Getting started with GDAL

Introduction to an incredibly useful library & Command Line Interface (CLI)

Introduction

As with most data, being able to query, transform, and visualize geospatial data makes your work easier and your data more useful to you. If you're new to working with and using geospatial data, though, the world of geo-tools available can be overwhelming.

In this tutorial, we'll learn about a powerful, widely-used, and broadly applicable Free & Open Source Software (FOSS) tool that will empower you to do more with your data.

GDAL

GDAL, also known as GDAL/OGR, is a library of tools used for manipulating geospatial data. GDAL works on both raster and vector data types, and is an incredible useful tool to be familiar with when working with geospatial data. While the GDAL library can be used programmatically, GDAL also includes a CLI (Command Line Interface). For the purposes of this tutorial, we will be focusing on the CLI only.

Some common uses you may have for GDAL include: quickly getting basic information about a dataset, converting between geospatial file types, clipping one dataset against another, and more. We'll walk through a few demos of these and other common use-cases later on in the examples section.

A note about names

Traditionally, the name "GDAL" was used to refer to the raster-related half of the library, while "OGR" referred to the vector part. You may commonly hear people use both "GDAL" and "GDAL/OGR" to refer to this library - but in all cases, the toolset being referenced is the same.

Installation

Visit this page for installation & setup instructions. When you're finished, come back to this page to learn more.

Commonly-used commands

Once you've verified GDAL has been installed successfully, let's take a look at the different CLI commands you will use in this tutorial:

  • ogrinfo Get information about a vector dataset
  • gdalinfo Get information about a raster dataset
  • ogr2ogr Convert vector data between file formats
  • gdal_translate Convert raster data between file formats

There are other commands available, but these four are the most common. We'll start by learning some of the most-common ways you might use these commands.

Examples

Because GDAL is a CLI, all of your interaction with it will be via your command line (or Terminal). For Windows users who followed this tutorial's installation instructions, you'll use the OSGeo4W Shell here.

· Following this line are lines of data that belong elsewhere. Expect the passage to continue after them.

(* There exist compact metric dynamical systems $(Y,g)$ and $(X,f)$, both transitive, and a factor map $\pi\colon (Y,g)\to (X,f)$ such that $(X,f)$ is Li-Yorke chaotic while $(Y,g)$ is not Li-Yorke chaotic. In other words, Li-Yorke chaos is not preserved under extensions.
   Context: A (topological) dynamical system $(X,f)$ consists of a compact metric space $(X,d)$ and a continuous map $f\colon X\to X$. A factor map from $(Y,g)$ to $(X,f)$ is a continuous surjection $\pi\colon Y\to X$ with $\pi\circ g=f\circ\pi$; then $(Y,g)$ is called an extension of $(X,f)$. The system $(X,f)$ is transitive if for any two non-empty open sets $U,V\subseteq X$ there is an integer $n>0$ with $U\cap f^{-n}V\neq\emptyset$. A subset $S\subseteq X$ with at least two points is a scrambled set if for all $x,y\in S$ with $x\neq y$ one has $\liminf_{n\to\infty} d(f^n(x),f^n(y))=0$ and $\limsup_{n\to\infty} d(f^n(x),f^n(y))>0$. The system $(X,f)$ is Li-Yorke chaotic if it has an uncountable scrambled set. *)

theory Defs
  imports "HOL-Analysis.Analysis"
begin

definition dyn_system :: "'a::metric_space set \<Rightarrow> ('a \<Rightarrow> 'a) \<Rightarrow> bool" where
  "dyn_system X f \<longleftrightarrow> compact X \<and> continuous_on X f \<and> f ` X \<subseteq> X"

definition factor_map :: "'a::metric_space set \<Rightarrow> ('a \<Rightarrow> 'a) \<Rightarrow> 'b::metric_space set \<Rightarrow> ('b \<Rightarrow> 'b) \<Rightarrow> ('a \<Rightarrow> 'b) \<Rightarrow> bool" where
  "factor_map Y g X f \<phi> \<longleftrightarrow> continuous_on Y \<phi> \<and> \<phi> ` Y = X \<and> (\<forall>y\<in>Y. \<phi> (g y) = f (\<phi> y))"
lemma sum_degree_eq_twice_card_edges:
  assumes "simple_graph V E"
  shows "(\<Sum>v\<in>V. degree E v) = 2 * card E"
proof -
  have "finite V" "finite E" using assms simple_graph_finite_edges simple_graph_def by auto
  have "(\<Sum>v\<in>V. degree E v) = (\<Sum>v\<in>V. \<Sum>e\<in>E. if v \<in> e then 1 else 0)"
    unfolding degree_def using \<open>finite E\<close> by (simp add: sum.If_cases Int_def)
  also have "\<dots> = (\<Sum>e\<in>E. \<Sum>v\<in>V. if v \<in> e then 1 else 0)"
    by (rule sum.swap)
  also have "\<dots> = (\<Sum>e\<in>E. card e)"
  proof (rule sum.cong)
    fix e assume "e \<in> E"
    then have "V \<inter> e = e" using assms simple_graph_edge_subset by blast
    then show "(\<Sum>v\<in>V. if v \<in> e then 1 else 0) = card e"
      using \<open>finite V\<close> by (simp add: sum.If_cases)
  qed simp
  also have "\<dots> = (\<Sum>e\<in>E. 2)"
    using assms by (intro sum.cong) (auto elim: simple_graph_edgeE)
  finally show ?thesis by simp
qed

lemma is_walk_mono: "is_walk V' E' xs \<Longrightarrow> V' \<subseteq> V \<Longrightarrow> E' \<subseteq> E \<Longrightarrow> is_walk V E xs"
  unfolding is_walk_def by blast

lemma is_walk_take: "is_walk V E xs \<Longrightarrow> 0 < k \<Longrightarrow> is_walk V E (take k xs)"
  unfolding is_walk_def by (auto dest: in_set_takeD)

lemma is_walk_Cons:
  assumes "is_walk V E xs" "z \<in> V" "{z, hd xs} \<in> E"
  shows "is_walk V E (z # xs)"
  using assms unfolding is_walk_def
  by (auto simp: hd_conv_nth nth_Cons less_Suc_eq_0_disj split: nat.split)

lemma finite_distinct_walks:
  assumes "finite V"
  shows "finite {xs. distinct xs \<and> is_walk V E xs}"
proof (rule finite_subset)
  show "{xs. distinct xs \<and> is_walk V E xs} \<subseteq> {xs. set xs \<subseteq> V \<and> length xs \<le> card V}"
    using assms by (auto simp: is_walk_def distinct_card[symmetric] intro: card_mono)
  show "finite {xs. set xs \<subseteq> V \<and> length xs \<le> card V}"
    using assms by (rule finite_lists_length_le)
qed

lemma acyclic_walk_back_edge:
  assumes "acyclic_graph V E" "is_walk V E xs" "distinct xs"
    and "{hd xs, xs ! i} \<in> E" "1 < i" "i < length xs"
  shows False
proof -
  let ?c = "take (Suc i) xs"
  have "last ?c = xs ! i" "hd ?c = hd xs"
    using assms(6) by (subst last_conv_nth; auto) (cases xs; auto)
  then have "is_cycle V E ?c"
    using assms(2-6) is_walk_take[of V E xs "Suc i"] by (auto simp: is_cycle_def insert_commute)
  then show False using assms(1) unfolding acyclic_graph_def by blast
qed
text \<open>Axis of a rotation (different from the identity): its fixed line.\<close>
definition rot_axis :: "(real^3 \<Rightarrow> real^3) \<Rightarrow> (real^3) set" where
  "rot_axis f = {x. f x = x}"

definition det3 :: "real^3 \<Rightarrow> real^3 \<Rightarrow> real^3 \<Rightarrow> real" where
  "det3 a b c = det (transpose (vector [a, b, c] :: real^3^3))"

end

theory Submission
  imports Defs
begin

unbundle cross3_syntax

text \<open>A half-turn about a unit vector \<open>u\<close> is the rotation induced by the pure quaternion \<open>(0, u)\<close>,
  so \<open>A = R\<^sub>\<gamma> \<circ> R\<^sub>\<beta> \<circ> R\<^sub>\<alpha>\<close> is induced by the unit quaternion \<open>\<gamma>\<beta>\<alpha>\<close>, whose vector part
  \<open>V = w - (\<gamma>\<bullet>\<beta>) \<alpha>\<close> with \<open>w = (\<gamma>\<bullet>\<alpha>) \<beta> - (\<alpha>\<bullet>\<beta>) \<gamma> \<perp> \<alpha>\<close> spans the axis of \<open>A\<close> and whose scalar
  part is \<open>det\<^sub>3(\<alpha>\<beta>\<gamma>)\<close>. Since \<open>R\<^sub>\<alpha>\<close> is an involution, \<open>B = R\<^sub>\<alpha> \<circ> A \<circ> R\<^sub>\<alpha>\<close> has axis
  \<open>R\<^sub>\<alpha>(\<real>V)\<close>, and a half-turn about \<open>\<alpha>\<close> preserves the line \<open>\<real>V\<close> exactly when \<open>V \<perp> \<alpha>\<close> or
  \<open>V \<in> \<real>\<alpha>\<close>, i.e. when \<open>\<gamma>\<bullet>\<beta> = 0\<close> or \<open>w = 0\<close>. These two alternatives are the cases of the
  theorem, and they also locate a unit vector \<open>b\<close> on the axis: \<open>b \<perp> \<alpha>\<close>, resp. \<open>b = \<plusminus>\<alpha>\<close>.\<close>

text \<open>The rotation \<open>x \<mapsto> q x q\<^sup>*\<close> for the quaternion \<open>q = (t, v)\<close>, written out in vector notation.\<close>
definition quat_rot :: "real \<Rightarrow> real^3 \<Rightarrow> real^3 \<Rightarrow> real^3" where
  "quat_rot t v x = (t\<^sup>2 - v \<bullet> v) *\<^sub>R x + (2 * (v \<bullet> x)) *\<^sub>R v + (2 * t) *\<^sub>R (v \<times> x)"

lemma quat_rot_compose:
  "quat_rot s u (quat_rot t v x) = quat_rot (s * t - u \<bullet> v) (s *\<^sub>R v + t *\<^sub>R u + u \<times> v) x"
  unfolding quat_rot_def
  by (simp add: cross3_def inner_vec_def sum_3 vec_eq_iff forall_3 power2_eq_square algebra_simps)

lemma quat_rot_zero: "t\<^sup>2 = 1 \<Longrightarrow> quat_rot t 0 = id"
  by (simp add: quat_rot_def fun_eq_iff)

lemma fixed_points_quat_rot:
  assumes unit: "t\<^sup>2 + v \<bullet> v = 1" and "v \<noteq> 0"
  shows "{x. quat_rot t v x = x} = span {v}"
proof (intro antisym subsetI)
  fix x assume "x \<in> {x. quat_rot t v x = x}"
  then have "x \<bullet> quat_rot t v x = x \<bullet> x" by simp
  then have "(t\<^sup>2 - v \<bullet> v) * (x \<bullet> x) + 2 * (v \<bullet> x)\<^sup>2 = x \<bullet> x"
    by (simp add: quat_rot_def inner_add_right inner_commute dot_cross_self power2_eq_square)
  moreover have "t\<^sup>2 = 1 - v \<bullet> v" using unit by simp
  ultimately have "(v \<bullet> x)\<^sup>2 = (v \<bullet> v) * (x \<bullet> x)"
    by (simp add: algebra_simps)
  moreover have "(norm (v \<times> x))\<^sup>2 + (v \<bullet> x)\<^sup>2 = (v \<bullet> v) * (x \<bullet> x)"
    using norm_cross_dot[of v x] by (simp add: power_mult_distrib power2_norm_eq_inner)
  ultimately have "v \<times> x = 0" by simp
  with \<open>v \<noteq> 0\<close> show "x \<in> span {v}"
    by (auto simp: cross_eq_0 collinear_lemma span_singleton)
next
  fix x assume "x \<in> span {v}"
  then obtain k where x: "x = k *\<^sub>R v" by (auto simp: span_singleton)
  have "quat_rot t v x = (k * (t\<^sup>2 + v \<bullet> v)) *\<^sub>R v"
    unfolding x by (simp add: quat_rot_def cross_mult_right vec_eq_iff algebra_simps)
  with unit x show "x \<in> {x. quat_rot t v x = x}" by simp
qed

If you need a refresher course on types of geospatial data, check out this tutorial.

Working with vector data

GDAL can read dozens of file types. To see a full list of the vector data filetypes supported by your current GDAL installation, do:

ogrinfo --formats

In the following examples, we'll use GeoJSON files -- but you could also read KML, Shapefile, Geopackage, and more.

Exploring data

To get basic information about your dataset, do:

ogrinfo mydata.geojson

Which will return something like this:

INFO: Open of `mydata.geojson'
  using driver `GeoJSON' successful.
1: mydata (Polygon)

What this tells you:

Your dataset, mydata.geojson, has one layer of data, called mydata, which contains Polygon features.


To learn more about that layer of Polygon features, do:

ogrinfo -so mydata.geojson mydata

Which will return something like his:

INFO: Open of `mydata.geojson'
      using driver `GeoJSON' successful.

Layer name: mydata 
Geometry: Polygon
Feature Count: 1
ExtentV: (-86.484375, 18.979026) - (-14.414062, 52.482780)
Layer SRS WKT:
GEOGCS["WGS 84",
    DATUM["WGS_1984",
        SPHEROID["WGS 84",6378137,298.257223563,
            AUTHORITY["EPSG","7030"]],
        AUTHORITY["EPSG","6326"]],
    PRIMEM["Greenwich",0,
        AUTHORITY["EPSG","8901"]],
    UNIT["degree",0.0174532925199433,
        AUTHORITY["EPSG","9122"]],
    AUTHORITY["EPSG","4326"]]

What this tells you:

  1. There is 1 feature (a single polygon) in this dataset's layer
  2. The Extent (bounding box) of the dataset is given as a coordinate pair
  3. The SRS (spatial reference) of this dataset, printed as WKT (Well-Known Text)

Converting data

One of the most convenient features of GDAL is its ability to quickly and painlessly convert data between file types. In fact, even if you use GDAL for nothing else, data conversion alone is worth the price of admission.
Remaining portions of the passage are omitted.